24. The electrical assembly of claim 21, wherein the cured metallic paste or ink comprises a photosintered metallic paste or ink.

25. The electrical assembly of claim 21, wherein the metallic conductor has a resistivity of about 2×10−5 Ω·cm or less.

26. The electrical assembly of claim 21, wherein the metallic conductor is in direct contact with the first and second electrical components.

27. The electrical assembly of claim 21, wherein the metallic conductor is connected to the first and second electrical components through a via filled with a thermally sintered or photosintered metallic paste.

28. A method of securing a wire to a conductor, the method comprising: depositing a drop of a metallic composition on a substrate, the metallic composition comprising metal nanoparticles; inserting a portion of a metal wire in the drop; sintering the metallic composition; and securing the wire to the solidified metallic composition.

29. The method of claim 28, wherein the portion of the metal wire is inserted in the metallic composition after the metallic composition is sintered.

30. The method of claim 28, wherein the metal nanoparticles comprise copper.

Description:

CROSS-REFERENCE TO RELATED APPLICATIONS

This application claims priority to U.S. Provisional Application Ser. Nos. 61/077,711 to Roundhill et al. and 61/081,539 to Roundhill et al., the entire disclosures of which are incorporated herein by reference.

TECHNICAL FIELD

This document relates to metallic pastes and inks that can be used to form metallic conductors with improved conductivity.

BACKGROUND

Metallic pastes, like metallic inks, can be formulated with metal nanoparticles, liquid vehicles, dispersants, and other additives. Additives can be included to alter physical properties such as viscosity, wetting, and contact angle on chosen substrates. The higher viscosity of pastes (e.g., about 10,000 cP to about 60,000 cP) compared to inks (e.g., less than about 5000 cP) facilitates persistent dispersion of metal nanoparticles. Use of a metallic ink or paste can be based on a number of factors including printing method and substrate. Inks with a low viscosity (e.g., less than about 20 cP, or between about 10 cP and about 20 cP) may be ink-jet printed or aerosol printed. Pastes are too viscous to be ink-jet printed and may be applied by screen printing or other methods that are suitable for higher viscosities.

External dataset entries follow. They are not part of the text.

lemma first_order_condition:
  assumes q: "q \<noteq> 0" and d: "\<delta> \<noteq> 0" and a: "homog 0 a" and b: "homog 0 b" and s: "wfS s"
  shows "peq q (psub (DiracS q \<alpha> \<beta> (plmul a (JS q \<delta> (plmul b (JSinv q \<delta> s)))))
                     (plmul a (DiracS q \<alpha> \<beta> (JS q \<delta> (plmul b (JSinv q \<delta> s))))))
               (JS q \<delta> (plmul b (JSinv q \<delta> (psub (DiracS q \<alpha> \<beta> (plmul a s)) (plmul a (DiracS q \<alpha> \<beta> s))))))"
proof -
  let ?Q = "complex_of_real q" and ?A = "abs_fralg a" and ?Bs = "Star q (abs_fralg b)"
  have hs: "homogeneous (-1) (Fst s)" "homogeneous 1 (Snd s)"
    using s by (auto simp: wfS_def intro: homogeneous_abs)
  have hB: "homogeneous 0 ?Bs" using homogeneous_Star[OF homogeneous_abs[OF b]] by simp
  have hsB: "homogeneous 1 (Snd s * ?Bs)" "homogeneous (-1) (Fst s * ?Bs)"
    using homogeneous_mult[OF hs(2) hB] homogeneous_mult[OF hs(1) hB] by simp_all
  have "Dplus q (?A * (Snd s * ?Bs)) = cscale ?Q (Dplus q ?A * (Snd s * ?Bs)) + ?A * Dplus q (Snd s * ?Bs)"
    "Dminus q (?A * (Fst s * ?Bs)) = cscale (inverse ?Q) (Dminus q ?A * (Fst s * ?Bs)) + ?A * Dminus q (Fst s * ?Bs)"
    "Dplus q (?A * Snd s) = cscale ?Q (Dplus q ?A * Snd s) + ?A * Dplus q (Snd s)"
    "Dminus q (?A * Fst s) = cscale (inverse ?Q) (Dminus q ?A * Fst s) + ?A * Dminus q (Fst s)"
    using Der_leibniz[OF q hsB(1), of "dplus_gen q" ?A] Der_leibniz[OF q hsB(2), of "dminus_gen q" ?A]
      Der_leibniz[OF q hs(2), of "dplus_gen q" ?A] Der_leibniz[OF q hs(1), of "dminus_gen q" ?A]
    by (simp_all add: power_int_minus)
  then show ?thesis
    using q d by (intro peq_eqI) (simp_all add: Star_mult Star_Star cscale_minus_scalar algebra_simps)
qed

theorem mainTheorem6:
  fixes q \<delta> :: real and \<alpha> \<beta> :: complex
  assumes "q \<noteq> 0" and "\<delta> \<noteq> 0"
    and "complex_of_real (\<delta>^2) * cnj \<alpha> = \<beta> * complex_of_real (q^2)"
  shows "left_bimodule_connection_S q (nablaS q) (sigmaS q)
    \<and> (\<forall>s. wfS s \<longrightarrow> peq q (cliff \<alpha> \<beta> (nablaS q s)) (DiracS q \<alpha> \<beta> s))
    \<and> (\<forall>s. wfS s \<longrightarrow> peq q (JS q \<delta> (JSinv q \<delta> s)) s \<and> peq q (JSinv q \<delta> (JS q \<delta> s)) s)
    \<and> (\<forall>s. wfS s \<longrightarrow> peq q (JS q \<delta> (JS q \<delta> s)) (pneg s))
    \<and> (\<forall>s. wfS s \<longrightarrow> peq q (JS q \<delta> (gammaS s)) (pneg (gammaS (JS q \<delta> s))))
    \<and> (\<forall>s. wfS s \<longrightarrow> peq q (gammaS (gammaS s)) s)
    \<and> (\<forall>a s. homog 0 a \<longrightarrow> wfS s \<longrightarrow> peq q (gammaS (plmul a s)) (plmul a (gammaS s)))
    \<and> (\<forall>s. wfS s \<longrightarrow> peq q (DiracS q \<alpha> \<beta> (gammaS s)) (pneg (gammaS (DiracS q \<alpha> \<beta> s))))
    \<and> (\<forall>a b s. homog 0 a \<longrightarrow> homog 0 b \<longrightarrow> wfS s \<longrightarrow>
         peq q (plmul a (JS q \<delta> (plmul b (JSinv q \<delta> s))))
               (JS q \<delta> (plmul b (JSinv q \<delta> (plmul a s)))))
    \<and> (\<forall>s. wfS s \<longrightarrow> peq q (JS q \<delta> (DiracS q \<alpha> \<beta> s)) (DiracS q \<alpha> \<beta> (JS q \<delta> s)))
    \<and> (\<forall>a b s. homog 0 a \<longrightarrow> homog 0 b \<longrightarrow> wfS s \<longrightarrow>
         (let Da = (\<lambda>u. psub (DiracS q \<alpha> \<beta> (plmul a u)) (plmul a (DiracS q \<alpha> \<beta> u)));
              Jb = (\<lambda>u. JS q \<delta> (plmul b (JSinv q \<delta> u)))
          in peq q (Da (Jb s)) (Jb (Da s))))"
  using left_bimodule_connection_nablaS_sigmaS[OF assms(1)] cliff_nablaS JS_JSinv[OF assms(1,2)]
    JS_JS[OF assms(1,2)] JS_gammaS gammaS_gammaS gammaS_plmul DiracS_gammaS plmul_JS_conj[OF assms(1,2)]
    JS_DiracS[OF assms] first_order_condition[OF assms(1,2)]
  by (simp add: Let_def)

end
theorem proposition5:
  fixes p k :: nat
  assumes "1 \<le> k" and "k \<le> p"
  shows "\<forall>R :: nat \<Rightarrow> opt.
           (\<forall>vote conf. SPE p k R vote conf \<longrightarrow> rootX p k vote conf = lotX (Maj p k R)) \<and>
           (\<exists>vote conf. SPE p k R vote conf \<and> rootX p k vote conf = lotX (Maj p k R))"
  using SPE_rootX_eq_Maj[OF assms] SPE_sincere_conf[OF assms] by blast

end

Some metallic pastes or inks, however, may require heating at elevated temperatures in an inert atmosphere-conditions which can be unsuitable for certain applications, such as flexible electronics (e.g., with polymeric substrates). Additionally, some metallic pastes or inks include one or more liquid components with a high boiling point. When a metallic paste or ink with a high boiling point component is cured by a slow thermal sintering process in air, the high boiling point components can form non-volatile products that remain in the cured conductor. Thermal decomposition to non-volatile products can also during thermal sintering in an inert atmosphere, yielding contaminated conductors and relatively high resistivity. In some cases, organic residues from the liquid vehicle degrade the adhesion between the conductor and the substrate, reducing the quality of the metallic conductor.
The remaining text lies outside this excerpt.